** Activity **
Report all lines from the entries below in which "ultimately" appears.

** Entries provided **
(* Let $m\ge1$ and let $u=u_1\cdots u_r$ and $v=v_1\cdots v_s$ be weakly increasing words with letters in $[m]=\{1,\dots,m\}$, with $r\le s$. Let $c=(\text{length of the first row of }P(uv))-s$. Then for every $k\ge1$, $$v^{(k)}_t<u^{(k)}_{t+c}\quad\text{for all } t\in[rk-c],$$ where $x_t$ denotes the $t$-th letter of a word $x$.
   Context: $P(w)$ is the Robinson–Schensted row-insertion tableau of the word $w$, and $uv$ is concatenation. For a word $x=x_1\cdots x_n$, $x+m=(x_1+m)\cdots(x_n+m)$, and $x^{(k)}=x\,(x+m)\,(x+2m)\cdots(x+(k-1)m)$ (concatenation, with the given $m$). *)

theory Defs
  imports Main
begin

fun row_insert :: "nat \<Rightarrow> nat list \<Rightarrow> nat list \<times> nat option" where
  "row_insert x [] = ([x], None)"
| "row_insert x (y # ys) =
     (if x < y then (x # ys, Some y)
      else (let (ys', b) = row_insert x ys in (y # ys', b)))"

fun tab_insert :: "nat \<Rightarrow> nat list list \<Rightarrow> nat list list" where
  "tab_insert x [] = [[x]]"
| "tab_insert x (row # rows) =
     (case row_insert x row of
        (row', None) \<Rightarrow> row' # rows
      | (row', Some y) \<Rightarrow> row' # tab_insert y rows)"

definition P_tab :: "nat list \<Rightarrow> nat list list" where
  "P_tab w = fold tab_insert w []"

definition first_row_length :: "nat list list \<Rightarrow> nat" where
  "first_row_length T = (case T of [] \<Rightarrow> 0 | row # _ \<Rightarrow> length row)"

definition shift_word :: "nat list \<Rightarrow> nat \<Rightarrow> nat list" where
  "shift_word x j = map (\<lambda>a. a + j) x"

definition power_word :: "nat \<Rightarrow> nat list \<Rightarrow> nat \<Rightarrow> nat list" where
  "power_word m x k = concat (map (\<lambda>i. shift_word x (i * m)) [0..<k])"

end

theory Submission
  imports Defs
begin

text \<open>The first row of \<open>P(uv)\<close> arises by row-inserting the letters of \<open>v\<close> into the row \<open>u\<close>.
Once the row has a letter \<open>\<le> u\<^sub>i\<close> in box \<open>i\<close>, each later letter \<open>\<ge> u\<^sub>i\<close> of the weakly
increasing word \<open>v\<close> lands strictly to the right of the previous one, so the first row has at
least \<open>i + #{j. v\<^sub>j \<ge> u\<^sub>i}\<close> boxes; that is, at least \<open>i - c\<close> letters of \<open>v\<close> are \<open>< u\<^sub>i\<close>.
In \<open>v\<^sup>(\<^sup>k\<^sup>)\<close> and \<open>u\<^sup>(\<^sup>k\<^sup>)\<close> the \<open>a\<close>-th blocks are shifted by \<open>a m\<close>, so the \<open>t\<close>-th letter of
\<open>v\<^sup>(\<^sup>k\<^sup>)\<close> either lies in an earlier block than the \<open>(t + c)\<close>-th letter \<open>u\<^sub>i + a m\<close> of
\<open>u\<^sup>(\<^sup>k\<^sup>)\<close>, or in the same block among the letters of \<open>v\<close> below \<open>u\<^sub>i\<close>.\<close>

definition row_ins :: "nat \<Rightarrow> nat list \<Rightarrow> nat list" where
  "row_ins x r = fst (row_insert x r)"

lemma row_ins_Nil [simp]: "row_ins x [] = [x]"
  by (simp add: row_ins_def)

lemma row_ins_Cons:
  "row_ins x (y # ys) = (if x < y then x # ys else y # row_ins x ys)"
  by (simp add: row_ins_def split: prod.split)

lemma length_row_ins_ge: "length r \<le> length (row_ins x r)"
  by (induction r) (auto simp: row_ins_Cons)

lemma set_row_ins: "set (row_ins x r) \<subseteq> insert x (set r)"
  by (induction r) (auto simp: row_ins_Cons)

lemma sorted_row_ins: "sorted r \<Longrightarrow> sorted (row_ins x r)"
  by (induction r) (use set_row_ins in \<open>fastforce simp: row_ins_Cons\<close>)+

lemma sorted_fold_row_ins: "sorted r \<Longrightarrow> sorted (fold row_ins w r)"
  by (induction w arbitrary: r) (auto simp: sorted_row_ins)

lemma row_ins_nth_le: "i < length r \<Longrightarrow> row_ins x r ! i \<le> r ! i"
  by (induction r arbitrary: i) (auto simp: row_ins_Cons nth_Cons')

lemma row_ins_append_max: "\<forall>y\<in>set r. y \<le> x \<Longrightarrow> row_ins x r = r @ [x]"
  by (induction r) (auto simp: row_ins_Cons)

lemma fold_row_ins_sorted: "sorted u \<Longrightarrow> fold row_ins u [] = u"
  by (induction u rule: rev_induct) (auto simp: sorted_append row_ins_append_max)

lemma row_ins_extends:
  assumes "sorted r" "L \<le> length r" "L = 0 \<or> r ! (L - 1) \<le> x"
  shows "L < length (row_ins x r) \<and> row_ins x r ! L \<le> x"
  using assms
proof (induction r arbitrary: L)
  case Nil then show ?case by simp
next
  case (Cons y ys)
  show ?case
  proof (cases L)
    case 0 then show ?thesis by (cases ys) (auto simp: row_ins_Cons)
  next
    case (Suc L')
    have "L' = 0" if "x < y"
    proof (rule ccontr)
      assume "L' \<noteq> 0"
      then have "ys ! (L' - 1) \<in> set ys" using Cons.prems(2) Suc by simp
      then have "y \<le> ys ! (L' - 1)" using Cons.prems(1) by simp
      then show False using Cons.prems(3) Suc \<open>L' \<noteq> 0\<close> that by simp
    qed
    then show ?thesis using Cons Suc by (cases L') (auto simp: row_ins_Cons)
  qed
qed

definition first_row :: "nat list list \<Rightarrow> nat list" where
  "first_row T = (case T of [] \<Rightarrow> [] | r # _ \<Rightarrow> r)"

lemma first_row_length_eq: "first_row_length T = length (first_row T)"
  by (cases T) (auto simp: first_row_length_def first_row_def)

lemma first_row_tab_insert: "first_row (tab_insert x T) = row_ins x (first_row T)"
  by (cases T) (auto simp: first_row_def row_ins_def split: option.splits prod.splits)

lemma first_row_P_tab: "first_row (P_tab w) = fold row_ins w []"
proof -
  have "first_row (fold tab_insert w T) = fold row_ins w (first_row T)" for T
    by (induction w arbitrary: T) (auto simp: first_row_tab_insert)
  then show ?thesis by (simp add: P_tab_def first_row_def)
qed

definition row_reaches :: "nat list \<Rightarrow> nat \<Rightarrow> nat \<Rightarrow> bool" where
  "row_reaches r L y \<longleftrightarrow> L \<le> length r \<and> (L = 0 \<or> r ! (L - 1) \<le> y)"

lemma row_reaches_row_ins: "row_reaches r L y \<Longrightarrow> row_reaches (row_ins x r) L y"
  unfolding row_reaches_def
  using length_row_ins_ge[of r x] row_ins_nth_le[of "L - 1" r x] by fastforce

lemma row_reaches_row_ins_Suc:
  "sorted r \<Longrightarrow> row_reaches r L y \<Longrightarrow> y \<le> x \<Longrightarrow> row_reaches (row_ins x r) (Suc L) x"
  unfolding row_reaches_def using row_ins_extends[of r L x] by (auto simp: Suc_le_eq)

lemma length_fold_row_ins_ge:
  assumes "sorted w" "sorted r" "row_reaches r L y"
  shows "L + length (filter (\<lambda>x. y \<le> x) w) \<le> length (fold row_ins w r)"
  using assms
proof (induction w arbitrary: r L y)
  case Nil then show ?case by (simp add: row_reaches_def)
next
  case (Cons x w)
  have sorted: "sorted (row_ins x r)" using Cons.prems(2) by (rule sorted_row_ins)
  show ?case
  proof (cases "y \<le> x")
    case True
    have "row_reaches (row_ins x r) (Suc L) x"
      using row_reaches_row_ins_Suc Cons.prems True by blast
    then have "Suc L + length (filter (\<lambda>z. x \<le> z) w) \<le> length (fold row_ins w (row_ins x r))"
      using Cons.IH[of "row_ins x r" "Suc L" x] Cons.prems(1) sorted by simp
    moreover have "filter (\<lambda>z. x \<le> z) w = w" "filter (\<lambda>z. y \<le> z) w = w"
      using Cons.prems(1) True by (auto simp: filter_id_conv intro: order_trans)
    ultimately show ?thesis using True by simp
  next
    case False
    then show ?thesis
      using Cons.IH Cons.prems row_reaches_row_ins sorted by simp
  qed
qed

lemma length_le_first_row_P_tab_append:
  "sorted v \<Longrightarrow> length v \<le> first_row_length (P_tab (u @ v))"
  using length_fold_row_ins_ge[of v "fold row_ins u []" 0 0]
  by (simp add: first_row_length_eq first_row_P_tab sorted_fold_row_ins row_reaches_def)

lemma first_row_P_tab_append_ge:
  assumes "sorted u" "sorted v" "i < length u"
  shows "i + 1 + length v \<le> first_row_length (P_tab (u @ v)) + length (filter (\<lambda>x. x < u ! i) v)"
proof -
  have "row_reaches u (Suc i) (u ! i)" using assms(3) by (simp add: row_reaches_def)
  then have "Suc i + length (filter (\<lambda>x. u ! i \<le> x) v) \<le> first_row_length (P_tab (u @ v))"
    using length_fold_row_ins_ge[OF assms(2,1), of "Suc i" "u ! i"]
    by (simp add: first_row_length_eq first_row_P_tab fold_row_ins_sorted assms(1))
  moreover have "length (filter (\<lambda>x. u ! i \<le> x) v) + length (filter (\<lambda>x. x < u ! i) v) = length v"
    using sum_length_filter_compl[of "\<lambda>x. x < u ! i" v] by (simp add: not_less)
  ultimately show ?thesis by linarith
qed

lemma power_word_Suc: "power_word m x (Suc k) = power_word m x k @ shift_word x (k * m)"
  by (simp add: power_word_def)

lemma length_power_word: "length (power_word m x k) = k * length x"
  by (induction k) (auto simp: power_word_Suc shift_word_def power_word_def)

lemma nth_power_word:
  "n < k * length x \<Longrightarrow> power_word m x k ! n = x ! (n mod length x) + n div length x * m"
proof (induction k)
  case 0 then show ?case by simp
next
  case (Suc k)
  show ?case
  proof (cases "n < k * length x")
    case True then show ?thesis
      using Suc by (simp add: power_word_Suc nth_append length_power_word)
  next
    case False
    define j where "j = n - k * length x"
    have j: "n = k * length x + j" "j < length x" using False Suc.prems unfolding j_def by auto
    then have div: "n div length x = k" by (intro div_nat_eqI) (auto simp: mult.commute)
    then have "n mod length x = j" using j by (metis minus_div_mult_eq_mod add_diff_cancel_left')
    then show ?thesis
      using div j by (simp add: power_word_Suc nth_append length_power_word shift_word_def)
  qed
qed

lemma sorted_nth_less_of_filter:
  "sorted v \<Longrightarrow> j < length (filter (\<lambda>x. x < y) v) \<Longrightarrow> v ! j < y"
proof (induction v arbitrary: j)
  case Nil then show ?case by simp
next
  case (Cons x v)
  then show ?case
  proof (cases "x < y")
    case False
    then have "filter (\<lambda>z. z < y) (x # v) = []"
      using Cons.prems(1) by (auto simp: filter_empty_conv)
    then show ?thesis using Cons.prems by simp
  qed (cases j, auto)
qed

lemma power_word_shift_less:
  assumes "sorted v" "length u \<le> length v"
    and "\<forall>x\<in>set v. \<forall>y\<in>set u. x < y + m"
    and "\<forall>i<length u. i + 1 \<le> c + length (filter (\<lambda>x. x < u ! i) v)"
    and "c \<le> n" "n < k * length u"
  shows "power_word m v k ! (n - c) < power_word m u k ! n"
proof -
  define r where "r = length u"
  define s where "s = length v"
  define a where "a = n div r"
  define i where "i = n mod r"
  define p where "p = n - c"
  define f where "f = length (filter (\<lambda>x. x < u ! i) v)"
  have "r > 0" using assms(6) r_def by (cases r) auto
  then have "i < r" "s > 0" "n = a * r + i" using assms(2) r_def s_def a_def i_def by auto
  have "p \<le> n" by (simp add: p_def)
  also have "n < k * r" using assms(6) r_def by simp
  also have "\<dots> \<le> k * s" using assms(2) r_def s_def by simp
  finally have "p < k * s" .
  have u_val: "power_word m u k ! n = u ! i + a * m"
    using nth_power_word[OF assms(6)] r_def a_def i_def by simp
  have v_val: "power_word m v k ! p = v ! (p mod s) + p div s * m"
    using nth_power_word[OF \<open>p < k * s\<close>[unfolded s_def]] s_def by simp
  have "v ! (p mod s) \<in> set v" "u ! i \<in> set u" using \<open>s > 0\<close> \<open>i < r\<close> s_def r_def by auto
  then have v_lt: "v ! (p mod s) < u ! i + m" using assms(3) by blast
  have "v ! (p mod s) + p div s * m < u ! i + a * m"
  proof (cases "p < a * s")
    case True
    then have "Suc (p div s) \<le> a" by (simp add: less_mult_imp_div_less Suc_leI)
    then have "p div s * m + m \<le> a * m" using mult_le_mono1[of "Suc (p div s)" a m] by simp
    then show ?thesis using v_lt by linarith
  next
    case False
    \<comment> \<open>then position \<open>p\<close> lies in block \<open>a\<close>, among the letters of \<open>v\<close> below \<open>u ! i\<close>\<close>
    have "i + 1 \<le> c + f" using assms(4) \<open>i < r\<close> r_def f_def by simp
    moreover have "a * r \<le> a * s" using assms(2) r_def s_def by simp
    ultimately have "p < a * s + f" using \<open>n = a * r + i\<close> p_def assms(5) by linarith
    moreover have "f \<le> s" using f_def s_def by simp
    ultimately have div: "p div s = a" using False by (intro div_nat_eqI) (auto simp: mult.commute)
    then have "p mod s = p - a * s" by (simp add: minus_div_mult_eq_mod[symmetric])
    then have "p mod s < f" using \<open>p < a * s + f\<close> False by linarith
    then show ?thesis using div sorted_nth_less_of_filter[OF assms(1)] f_def by simp
  qed
  then show ?thesis using u_val v_val p_def by simp
qed

theorem mainTheorem7:
  fixes m k :: nat and u v :: "nat list"
  assumes "m \<ge> 1"
    and "sorted u" and "sorted v"
    and "set u \<subseteq> {1..m}" and "set v \<subseteq> {1..m}"
    and "length u \<le> length v"
    and "k \<ge> 1"
  shows "let c = int (first_row_length (P_tab (u @ v))) - int (length v) in
         \<forall>t::nat. 1 \<le> t \<and> int t \<le> int (length u * k) - c \<longrightarrow>
           power_word m v k ! (t - 1) < power_word m u k ! nat (int t + c - 1)"
proof -
  define L where "L = first_row_length (P_tab (u @ v))"
  define c where "c = L - length v"
  have "length v \<le> L" unfolding L_def using assms(3) by (rule length_le_first_row_P_tab_append)
  have bound: "\<forall>i<length u. i + 1 \<le> c + length (filter (\<lambda>x. x < u ! i) v)"
    using first_row_P_tab_append_ge[OF assms(2,3)] unfolding c_def L_def by fastforce
  have letters: "\<forall>x\<in>set v. \<forall>y\<in>set u. x < y + m" using assms(4,5) by fastforce
  show ?thesis unfolding Let_def L_def[symmetric]
  proof (intro allI impI)
    fix t :: nat assume t: "1 \<le> t \<and> int t \<le> int (length u * k) - (int L - int (length v))"
    have c_int: "int c = int L - int (length v)" using \<open>length v \<le> L\<close> c_def by simp
    have "int (t + c) \<le> int (k * length u)" using t c_int by (simp add: mult.commute)
    then have "c \<le> t + c - 1" "t + c - 1 < k * length u"
      and index: "nat (int t + (int L - int (length v)) - 1) = t + c - 1"
      using t c_int by linarith+
    with power_word_shift_less[OF assms(3,6) letters bound, of "t + c - 1" k]
    show "power_word m v k ! (t - 1) < power_word m u k ! nat (int t + (int L - int (length v)) - 1)"
      using t by simp
  qed
qed

end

** Reply **
    ultimately show ?thesis using True by simp
  ultimately show ?thesis by linarith
    ultimately have "p < a * s + f" using \<open>n = a * r + i\<close> p_def assms(5) by linarith
    ultimately have div: "p div s = a" using False by (intro div_nat_eqI) (auto simp: mult.commute)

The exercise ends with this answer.